MATERIAL FOR THIS EXERCISE:
lemma plane_type_count:
  fixes l :: "'a::{field,finite} v4 set set"
  assumes "l \<in> Lines" and disj: "l \<inter> Curve = {}" and not_in_Gamma: "\<forall>\<gamma>\<in>GammaPlanes. \<not> l \<subseteq> \<gamma>"
  shows "PiN oneC_bar_planes l + 2 * PiN (dC_planes 2) l + 3 * PiN (dC_planes 3) l = card (UNIV :: 'a set) + 1"
proof -
  obtain u v where uv: "indep u v" and l: "l = lineset u v"
    using assms(1) unfolding Lines_def by blast
  let ?X = "{\<pi> \<in> Planes. l \<subseteq> \<pi>}"
  have "\<exists>!\<pi>. \<pi> \<in> ?X \<and> P \<in> \<pi>" if P: "P \<in> Curve" for P
  proof -
    obtain s where s: "P = pt (cvec s)"
      using P unfolding Curve_def cpt_def by blast
    then have "cvec s \<notin> kspan u v"
      using disj P lineset_mem[OF cvec_neq_zero4] unfolding l by blast
    then show ?thesis
      using ex1_plane_through_line_and_point[OF uv cvec_neq_zero4] by (simp add: s l)
  qed
  moreover have "card {P\<in>Curve. P \<in> \<pi>} \<le> 3" if \<pi>: "\<pi> \<in> ?X" for \<pi>
  proof -
    obtain c where "c \<noteq> zero4" "\<pi> = planeset c"
      using \<pi> unfolding Planes_def by blast
    then show ?thesis
      using card_planeset_inter_Curve_le_3 by (simp add: Int_def conj_commute)
  qed
  ultimately have "card {\<pi>\<in>?X. card {P\<in>Curve. P \<in> \<pi>} = 1} + 2 * card {\<pi>\<in>?X. card {P\<in>Curve. P \<in> \<pi>} = 2}
      + 3 * card {\<pi>\<in>?X. card {P\<in>Curve. P \<in> \<pi>} = 3} = card (Curve :: 'a v4 set set)"
    by (intro weighted_incidence_count) simp_all
  moreover have "{P\<in>Curve. P \<in> \<pi>} = \<pi> \<inter> Curve" for \<pi> :: "'a v4 set set"
    by blast
  moreover have "{\<pi>\<in>?X. card (\<pi> \<inter> Curve) = 1} = {\<pi> \<in> oneC_bar_planes. l \<subseteq> \<pi>}"
    using not_in_Gamma unfolding oneC_bar_planes_def by blast
  ultimately show ?thesis
    unfolding PiN_def dC_planes_def card_Curve by (simp add: conj_commute conj_left_commute)
qed

lemma point_type_count:
  fixes l :: "'a::{field,finite} v4 set set"
  assumes three: "(3::'a) \<noteq> 0" and "l \<in> Lines"
    and disj: "l \<inter> Curve = {}" and not_in_Gamma: "\<forall>\<gamma>\<in>GammaPlanes. \<not> l \<subseteq> \<gamma>"
  shows "PN (muGamma_points 1) l + 2 * PN T_points l + 3 * PN (muGamma_points 3) l = card (UNIV :: 'a set) + 1"
proof -
  obtain u v where uv: "indep u v" and l: "l = lineset u v"
    using assms(2) unfolding Lines_def by blast
  let ?\<mu> = "\<lambda>P. card {\<gamma> \<in> GammaPlanes. P \<in> \<gamma>}"
  have "\<exists>!P. P \<in> l \<and> P \<in> \<gamma>" if \<gamma>: "\<gamma> \<in> GammaPlanes" for \<gamma>
  proof -
    obtain s where "\<gamma> = planeset (polar_vec (cvec s))"
      using \<gamma> unfolding GammaPlanes_def oscp_eq_polar by blast
    then show ?thesis
      using ex1_lineset_inter_planeset[OF uv] not_in_Gamma \<gamma> by (simp add: l)
  qed
  moreover have on_line: "\<exists>x. x \<noteq> zero4 \<and> P = pt x \<and> P \<in> Points \<and> P \<notin> Curve" if P: "P \<in> l" for P
    using lineset_elem[of P u v] disj P unfolding Points_def l by blast
  moreover have "?\<mu> P \<le> 3" if P: "P \<in> l" for P
  proof -
    obtain x where "x \<noteq> zero4" "P = pt x"
      using on_line[OF P] by blast
    then show ?thesis
      using card_curve_params_le_3[of "polar_vec x"] polar_vec_eq_zero4_iff[OF three] mem_oscp_iff[of x]
      by (simp add: card_GammaPlanes_through)
  qed
  ultimately have "card {P\<in>l. ?\<mu> P = 1} + 2 * card {P\<in>l. ?\<mu> P = 2} + 3 * card {P\<in>l. ?\<mu> P = 3}
      = card (GammaPlanes :: 'a v4 set set set)"
    by (intro weighted_incidence_count) simp_all
  moreover have "{P\<in>l. ?\<mu> P = 2} = {P \<in> T_points. P \<in> l}"
  proof (rule Set.set_eqI)
    fix P
    show "P \<in> {P\<in>l. ?\<mu> P = 2} \<longleftrightarrow> P \<in> {P \<in> T_points. P \<in> l}"
    proof (cases "P \<in> l")
      case True
      then obtain x where "x \<noteq> zero4" "P = pt x" "P \<in> Points" "P \<notin> Curve"
        using on_line by blast
      then show ?thesis
        using mem_tanp_iff_card_osc_params[OF three] unfolding T_points_def card_GammaPlanes_through by auto
    qed simp
  qed
  moreover have "{P\<in>l. ?\<mu> P = k} = {P \<in> muGamma_points k. P \<in> l}" for k
    using on_line unfolding muGamma_points_def by blast
  ultimately show ?thesis
    unfolding PN_def card_GammaPlanes by simp
qed

section \<open>Polar lines\<close>

lemma planeset_inter_planeset:
  "planeset c \<inter> planeset d = {pt x | x. x \<noteq> zero4 \<and> x \<in> joint_kernel c (d::'a::field v4)}"
proof (rule Set.set_eqI)
  fix P
  show "P \<in> planeset c \<inter> planeset d \<longleftrightarrow> P \<in> {pt x | x. x \<noteq> zero4 \<and> x \<in> joint_kernel c d}"
  proof
    assume P: "P \<in> planeset c \<inter> planeset d"
    then obtain x where "x \<noteq> zero4" "P = pt x"
      unfolding planeset_def by blast
    then show "P \<in> {pt x | x. x \<noteq> zero4 \<and> x \<in> joint_kernel c d}"
      using P planeset_mem unfolding joint_kernel_def by blast
  next
    assume "P \<in> {pt x | x. x \<noteq> zero4 \<and> x \<in> joint_kernel c d}"
    then obtain x where "x \<noteq> zero4" "P = pt x" "x \<in> joint_kernel c d"
      by blast
    then show "P \<in> planeset c \<inter> planeset d"
      using planeset_mem unfolding joint_kernel_def by blast
  qed
qed

lemma mem_joint_kernel_iff: "x \<in> joint_kernel c d \<longleftrightarrow> (\<forall>y\<in>kspan c d. dot y (x::'a::field v4) = 0)"
proof
  assume x: "x \<in> joint_kernel c d"
  show "\<forall>y\<in>kspan c d. dot y x = 0"
  proof
    fix y assume "y \<in> kspan c d"
    then obtain a b where "y = vadd (smul a c) (smul b d)"
      unfolding kspan_def by blast
    then show "dot y x = 0"
      using x by (simp add: joint_kernel_def dot_commute[of _ x] dot_lincomb)
  qed
next
  assume "\<forall>y\<in>kspan c d. dot y x = 0"
  then show "x \<in> joint_kernel c d"
    unfolding joint_kernel_def using kspan_left kspan_right by blast
qed

lemma joint_kernel_cong:
  assumes "kspan c d = kspan c' d'"
  shows "joint_kernel c d = joint_kernel c' (d'::'a::field v4)"
proof (rule Set.set_eqI)
  fix x
  show "x \<in> joint_kernel c d \<longleftrightarrow> x \<in> joint_kernel c' d'"
    unfolding mem_joint_kernel_iff assms ..
qed

lemma polar_vec_mem_kspan:
  assumes "x \<in> kspan u v"
  shows "polar_vec x \<in> kspan (polar_vec u) (polar_vec (v::'a::field v4))"
proof -
  obtain a b where "x = vadd (smul a u) (smul b v)"
    using assms unfolding kspan_def by blast
  then have "polar_vec x = vadd (smul a (polar_vec u)) (smul b (polar_vec v))"
    by (simp add: polar_vec_lincomb)
  then show ?thesis
    unfolding kspan_def by blast
qed

lemma polar_line_lineset:
  fixes u v :: "'a::field v4"
  assumes three: "(3::'a) \<noteq> 0" and uv: "indep u v"
  shows "polar_line (lineset u v) = {pt x | x. x \<noteq> zero4 \<and> x \<in> joint_kernel (polar_vec u) (polar_vec v)}"
  unfolding polar_line_def
proof (rule someI2_ex)
  have "u \<noteq> zero4" "v \<noteq> zero4" "pt u \<noteq> pt v"
    using indep_nonzero[OF uv] indep_iff_pt_neq uv by blast+
  moreover have "pt u \<in> lineset u v" "pt v \<in> lineset u v"
    using calculation(1,2) by (simp_all add: lineset_mem kspan_left kspan_right)
  ultimately show "\<exists>m u' w'. u' \<noteq> zero4 \<and> w' \<noteq> zero4 \<and> pt u' \<in> lineset u v \<and> pt w' \<in> lineset u v \<and>
      pt u' \<noteq> pt w' \<and> m = polarv u' \<inter> polarv w'"
    by blast
next
  fix m
  assume "\<exists>u' w'. u' \<noteq> zero4 \<and> w' \<noteq> zero4 \<and> pt u' \<in> lineset u v \<and> pt w' \<in> lineset u v \<and>
      pt u' \<noteq> pt w' \<and> m = polarv u' \<inter> polarv w'"
  then obtain u' w' where nz: "u' \<noteq> zero4" "w' \<noteq> zero4" and "pt u' \<in> lineset u v" "pt w' \<in> lineset u v"
    and "pt u' \<noteq> pt w'" and m: "m = polarv u' \<inter> polarv w'"
    by blast
  then have "u' \<in> kspan u v" "w' \<in> kspan u v" "indep u' w'"
    by (simp_all add: lineset_mem indep_iff_pt_neq)
  then have same_span: "kspan (polar_vec u') (polar_vec w') = kspan (polar_vec u) (polar_vec v)"
    using kspan_eq[OF indep_polar_vec[OF three \<open>indep u' w'\<close>]]
      polar_vec_mem_kspan by blast
  show "m = {pt x | x. x \<noteq> zero4 \<and> x \<in> joint_kernel (polar_vec u) (polar_vec v)}"
    unfolding m polarv_eq planeset_inter_planeset joint_kernel_cong[OF same_span] ..
qed

lemma polar_line_eq_lineset:
  fixes u v u' v' :: "'a::field v4"
  assumes "(3::'a) \<noteq> 0" "indep u v" "joint_kernel (polar_vec u) (polar_vec v) = kspan u' v'"
  shows "polar_line (lineset u v) = lineset u' v'"
  unfolding polar_line_lineset[OF assms(1,2)] assms(3) lineset_eq[of u' v'] ..

lemma joint_kernel_polar_vec_biduality:
  fixes u v :: "'a::field v4"
  assumes three: "(3::'a) \<noteq> 0" and uv: "indep u v"
  obtains u' v' where "indep u' v'" "joint_kernel (polar_vec u) (polar_vec v) = kspan u' v'"
    "joint_kernel (polar_vec u') (polar_vec v') = kspan u v"
proof -
  obtain u' v' where uv': "indep u' v'" "joint_kernel (polar_vec u) (polar_vec v) = kspan u' v'"
    using joint_kernel_eq_kspan[OF indep_polar_vec[OF three uv]] by blast
  have "u' \<in> joint_kernel (polar_vec u) (polar_vec v)" "v' \<in> joint_kernel (polar_vec u) (polar_vec v)"
    using uv'(2) kspan_left kspan_right by blast+
  then have "u \<in> joint_kernel (polar_vec u') (polar_vec v')" "v \<in> joint_kernel (polar_vec u') (polar_vec v')"
    by (auto simp: joint_kernel_def dot_polar_vec_swap[of u'] dot_polar_vec_swap[of v'])
  then have "joint_kernel (polar_vec u') (polar_vec v') = kspan u v"
    using joint_kernel_eq_kspan_if_mem[OF indep_polar_vec[OF three uv'(1)] uv] by blast
  then show ?thesis
    using that uv' by blast
qed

WHAT TO DO: In which lines of the records does the word "three" appear? Copy each of them.

RESULT FOR THIS TASK:
  assumes three: "(3::'a) \<noteq> 0" and "l \<in> Lines"
      using card_curve_params_le_3[of "polar_vec x"] polar_vec_eq_zero4_iff[OF three] mem_oscp_iff[of x]
        using mem_tanp_iff_card_osc_params[OF three] unfolding T_points_def card_GammaPlanes_through by auto
  assumes three: "(3::'a) \<noteq> 0" and uv: "indep u v"
    using kspan_eq[OF indep_polar_vec[OF three \<open>indep u' w'\<close>]]
  assumes three: "(3::'a) \<noteq> 0" and uv: "indep u v"
    using joint_kernel_eq_kspan[OF indep_polar_vec[OF three uv]] by blast
    using joint_kernel_eq_kspan_if_mem[OF indep_polar_vec[OF three uv'(1)] uv] by blast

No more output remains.